Update 2019-02-11 23:30 UTC: We discovered that for non-standard installs with accept_ra enabled, the router advertisement we sent to invalidate autoconfigured IPv6 addresses also invalidated statically configured addresses identical to the autoconfigured ones. We are emailing everyone whom we believe to be affected based on traffic counters and current address reachability.

At about 21:40 UTC 2019-02-10, we accidentally enabled IPv6 stateless autoconfiguration for some of our network. This resulted in some hosts using the wrong IPv6 address, including our mail system, causing email to support to bounce. Our monitoring system didn’t alert us because the desired IPv6 still worked; it just wasn’t used for outbound connections.

At 2:20 UTC a customer wrote a technical contact for prgmr.com (me) which doesn’t go through our support system, at which time we discovered the issue. We would have noticed the issue by the following morning as we have daily emails sent when our internal backups run.

About an hour after being notified, the issue was resolved as best we could. Hosts that were originally affected but also had IPv6 enabled should be ok. Systems that did not have an IPv6 address by default, but didn’t disable IPv6 and didn’t disable router advertisements will still have an IPv6 address for up to 2 hours following. The extra address can be manually removed.

We looked up which emails bounced to our support system and have written them. We also have resent emails sent during that time period since the IPv6 address used to was not white-listed for sending mail by SPF.

IPv6 stateless autoconfiguration is a method for hosts to automatically assign themselves an IPv6 address and is used in place of DHCP for IPv6. There are three settings important here:

  • The autonomous flag, which declares whether the advertised subnet can be used for stateless autoconfiguration at all.
  • The preferred lifetime setting, which is how many seconds the autoconfigured address should be the default address.
  • The valid lifetime setting, which is how long the address can be used.

We were moving these router advertisements in between routers. On the old router we deleted the autonomous-flag false setting but didn’t delete the router advertisement entirely until about an hour later. During that time this router was advertising that autonomously configuring an IP address was OK. It was also advertising a very long “preferred lifetime” of 604800 seconds (7 days) and a “valid lifetime” of 30 days. These are presumably the default settings. Addresses automatically configured using these settings would not go away after the autonomous flag was turned off until those times expired.

To mitigate the issue, we temporarily re-enabled the autonomous flag and set the preferred lifetime and valid lifetime for the address to 10 seconds. As expected, the preferred time expired after 10 seconds.

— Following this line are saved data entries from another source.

(* Let $\tau$ be a $\theta$-compatible stopping time with $\mathbb E_x\tau<\infty$ for all $x\in\mathbf X$, and let $\mu$ be a finite non-zero $P$-invariant Borel measure on $\mathbf X$. Then $S^\star\mu$ is a finite non-zero $Q$-invariant measure on $\mathbf X$, $S^\star\mu$ is absolutely continuous with respect to $\mu$, and $R^\star S^\star\mu=\mu$.
   Context: $\mathbf X$ complete separable metric space with Borel $\sigma$-algebra; $(X_n)$ a Markov chain, $\mathbb P_x$ its law started at $x$, $Pf(x)=\mathbb E_xf(X_1)$. $\theta$-compatible: $\mathbb P_x(\tau=0)=0$ for all $x$ and $\mathbb P_x$-a.s. $\tau\ge2\Rightarrow\tau\circ\theta=\tau-1$. For non-negative Borel $f$: $Qf(x)=\mathbb E_x[f(X_\tau)\mathbf 1_{\tau<\infty}]$, $Sf(x)=\mathbb E_x[f(X_1)\mathbf 1_{\tau=1}]$, $Rf(x)=\mathbb E_x[(f(X_0)+\dots+f(X_{\tau-1}))\mathbf 1_{\tau<\infty}]$. For a measure $m$, $S^\star m(A)=\int S\mathbf 1_A\,dm$ and $R^\star m(A)=\int R\mathbf 1_A\,dm$. A measure $m$ is $T$-invariant ($T=P$ or $Q$) if $\int T\mathbf 1_A\,dm=m(A)$ for all Borel $A$. *)

theory Defs
  imports "HOL-Probability.Probability"
begin

abbreviation path_space :: "(nat \<Rightarrow> 'a::topological_space) measure" where
  "path_space \<equiv> PiM UNIV (\<lambda>_. borel)"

But for reasons explained in the RFC, the valid lifetime was reset to 2 hours rather than 10 seconds.

After the preferred lifetime expires, if there’s a static IPv6 address, the static IPv6 should be used instead. However, systems without another IPv6 address would continue to use this address until the valid lifetime expires.

To detect this problem in the future, we could have a canary system where we alert if it starts to respond on a given IPv6 address. We also at some time may switch to IPv6 router advertisements on a per-host basis, in which case this sort of issue would no longer be relevant.